■ **Instructions for the task**: Filter the entries for lines with the word "intro".

** Opening Exercise materials block **

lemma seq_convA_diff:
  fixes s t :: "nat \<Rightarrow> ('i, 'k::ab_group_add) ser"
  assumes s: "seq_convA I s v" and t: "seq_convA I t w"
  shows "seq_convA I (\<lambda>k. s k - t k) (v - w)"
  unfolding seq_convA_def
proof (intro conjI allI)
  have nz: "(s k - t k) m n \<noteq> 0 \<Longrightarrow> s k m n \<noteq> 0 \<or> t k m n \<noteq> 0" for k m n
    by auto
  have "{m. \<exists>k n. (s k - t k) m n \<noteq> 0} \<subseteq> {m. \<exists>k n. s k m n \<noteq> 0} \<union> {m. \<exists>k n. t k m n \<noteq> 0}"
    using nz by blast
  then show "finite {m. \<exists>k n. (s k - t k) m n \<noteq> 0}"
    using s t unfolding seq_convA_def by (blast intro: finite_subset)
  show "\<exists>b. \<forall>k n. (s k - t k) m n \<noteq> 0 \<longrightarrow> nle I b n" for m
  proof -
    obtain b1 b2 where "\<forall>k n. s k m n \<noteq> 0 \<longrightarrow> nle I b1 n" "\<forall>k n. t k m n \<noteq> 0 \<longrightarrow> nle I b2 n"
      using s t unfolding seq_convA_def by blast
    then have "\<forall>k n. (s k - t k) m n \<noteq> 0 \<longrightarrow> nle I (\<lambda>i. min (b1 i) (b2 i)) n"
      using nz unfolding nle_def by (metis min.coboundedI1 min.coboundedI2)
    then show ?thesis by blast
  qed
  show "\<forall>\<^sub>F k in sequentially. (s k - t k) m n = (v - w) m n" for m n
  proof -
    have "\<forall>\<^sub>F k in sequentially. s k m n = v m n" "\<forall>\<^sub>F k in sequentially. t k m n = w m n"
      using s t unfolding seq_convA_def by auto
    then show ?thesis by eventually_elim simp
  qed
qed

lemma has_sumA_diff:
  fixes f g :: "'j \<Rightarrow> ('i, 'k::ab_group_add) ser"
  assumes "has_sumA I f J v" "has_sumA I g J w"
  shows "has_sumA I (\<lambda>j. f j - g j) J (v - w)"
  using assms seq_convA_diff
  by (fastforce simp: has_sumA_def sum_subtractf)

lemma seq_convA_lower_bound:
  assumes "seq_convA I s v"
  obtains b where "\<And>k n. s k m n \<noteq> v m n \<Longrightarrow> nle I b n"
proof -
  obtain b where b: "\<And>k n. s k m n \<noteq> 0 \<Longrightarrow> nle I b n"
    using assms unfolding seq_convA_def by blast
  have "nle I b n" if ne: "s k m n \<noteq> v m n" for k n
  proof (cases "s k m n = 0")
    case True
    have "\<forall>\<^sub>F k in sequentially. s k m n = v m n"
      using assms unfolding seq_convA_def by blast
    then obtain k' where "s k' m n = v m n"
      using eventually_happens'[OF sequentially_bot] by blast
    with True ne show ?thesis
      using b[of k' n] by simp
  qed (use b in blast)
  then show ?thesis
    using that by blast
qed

** Closing Exercise materials block **

■ **Response to the exercise**:
proof (intro conjI allI)
    using s t unfolding seq_convA_def by (blast intro: finite_subset)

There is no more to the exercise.